» To do: Go line by line through the records and tally those that include "lambda". Respond with the tally only.

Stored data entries
__________

(* Let $\omega:\Gamma^2\to\Gamma$ be a surjective group morphism. Then $G(\mathrm{ad}(h)\circ\omega)\cong G(\omega)$ for all $h\in\Gamma$.
   Context: $\mathrm{ad}(h)(g)=hgh^{-1}$. $\{0,1\}^*$ denotes the finite words over $\{0,1\}$; $\mathfrak C=\{0,1\}^{\mathbb N}$. A finite complete prefix code is a finite set $\{t_1,\dots,t_n\}\subset\{0,1\}^*$ such that every $x\in\mathfrak C$ has exactly one $t_i$ as prefix. Thompson's group $V$ is the group of homeomorphisms $v$ of $\mathfrak C$ for which there exist finite complete prefix codes $\{t_i\},\{s_i\}$ and a permutation $\sigma$ with $v(t_iw)=s_{\sigma(i)}w$. For a group morphism $\omega:\Gamma^2\to\Gamma$, $K(\omega)$ is the group of maps $a:\{0,1\}^*\to\Gamma$ (pointwise product) with $a(u)=\omega(a(u0),a(u1))$ for all $u$; $V$ acts on it by $\pi(v)(a)(s_{\sigma(i)}u)=a(t_iu)$ for all $i$, $u$ (determining $\pi(v)(a)\in K(\omega)$ uniquely); $G(\omega):=K(\omega)\rtimes V$ with $vav^{-1}=\pi(v)(a)$. *)

theory Defs
  imports "HOL-Algebra.Group"
begin

text \<open>Finite words over {0,1} are \<open>bool list\<close> (False = 0, True = 1);
  the Cantor space is \<open>nat \<Rightarrow> bool\<close>.\<close>

definition is_prefix_of :: "bool list \<Rightarrow> (nat \<Rightarrow> bool) \<Rightarrow> bool" where
  "is_prefix_of t x \<longleftrightarrow> (\<forall>i<length t. x i = t ! i)"

definition cat :: "bool list \<Rightarrow> (nat \<Rightarrow> bool) \<Rightarrow> (nat \<Rightarrow> bool)" where
  "cat t w = (\<lambda>i. if i < length t then t ! i else w (i - length t))"

definition complete_prefix_code :: "bool list set \<Rightarrow> bool" where
  "complete_prefix_code T \<longleftrightarrow> finite T \<and> (\<forall>x. \<exists>!t. t \<in> T \<and> is_prefix_of t x)"

definition V_descr ::
  "((nat \<Rightarrow> bool) \<Rightarrow> (nat \<Rightarrow> bool)) \<Rightarrow> bool list list \<Rightarrow> bool list list \<Rightarrow> (nat \<Rightarrow> nat) \<Rightarrow> bool" where
  "V_descr v ts ss \<sigma> \<longleftrightarrow>
     length ts = length ss \<and> distinct ts \<and> distinct ss \<and>
     complete_prefix_code (set ts) \<and> complete_prefix_code (set ss) \<and>
     bij_betw \<sigma> {..<length ts} {..<length ts} \<and>
     (\<forall>i<length ts. \<forall>w. v (cat (ts ! i) w) = cat (ss ! \<sigma> i) w)"

text \<open>Thompson's group V (its elements are homeomorphisms of the Cantor space;
  a map with such a description is automatically a homeomorphism).\<close>
definition thompsonV_set :: "((nat \<Rightarrow> bool) \<Rightarrow> (nat \<Rightarrow> bool)) set" where
  "thompsonV_set = {v. bij v \<and> (\<exists>ts ss \<sigma>. V_descr v ts ss \<sigma>)}"

definition thompsonV :: "((nat \<Rightarrow> bool) \<Rightarrow> (nat \<Rightarrow> bool)) monoid" where
  "thompsonV = \<lparr>carrier = thompsonV_set, mult = (\<circ>), one = id\<rparr>"

definition K_set :: "('g, 'm) monoid_scheme \<Rightarrow> ('g \<times> 'g \<Rightarrow> 'g) \<Rightarrow> (bool list \<Rightarrow> 'g) set" where
  "K_set \<Gamma> \<omega> = {a. \<forall>u. a u \<in> carrier \<Gamma> \<and> a u = \<omega> (a (u @ [False]), a (u @ [True]))}"

definition K_grp :: "('g, 'm) monoid_scheme \<Rightarrow> ('g \<times> 'g \<Rightarrow> 'g) \<Rightarrow> (bool list \<Rightarrow> 'g) monoid" where
  "K_grp \<Gamma> \<omega> = \<lparr>carrier = K_set \<Gamma> \<omega>,
                  mult = (\<lambda>a b u. a u \<otimes>\<^bsub>\<Gamma>\<^esub> b u),
                  one = (\<lambda>u. \<one>\<^bsub>\<Gamma>\<^esub>)\<rparr>"

definition V_act ::
  "('g, 'm) monoid_scheme \<Rightarrow> ('g \<times> 'g \<Rightarrow> 'g) \<Rightarrow> ((nat \<Rightarrow> bool) \<Rightarrow> (nat \<Rightarrow> bool))
     \<Rightarrow> (bool list \<Rightarrow> 'g) \<Rightarrow> (bool list \<Rightarrow> 'g)" where
  "V_act \<Gamma> \<omega> v a = (THE b. b \<in> K_set \<Gamma> \<omega> \<and>
      (\<forall>ts ss \<sigma>. V_descr v ts ss \<sigma> \<longrightarrow>
         (\<forall>i<length ts. \<forall>u. b (ss ! \<sigma> i @ u) = a (ts ! i @ u))))"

__________

» Expected output: 3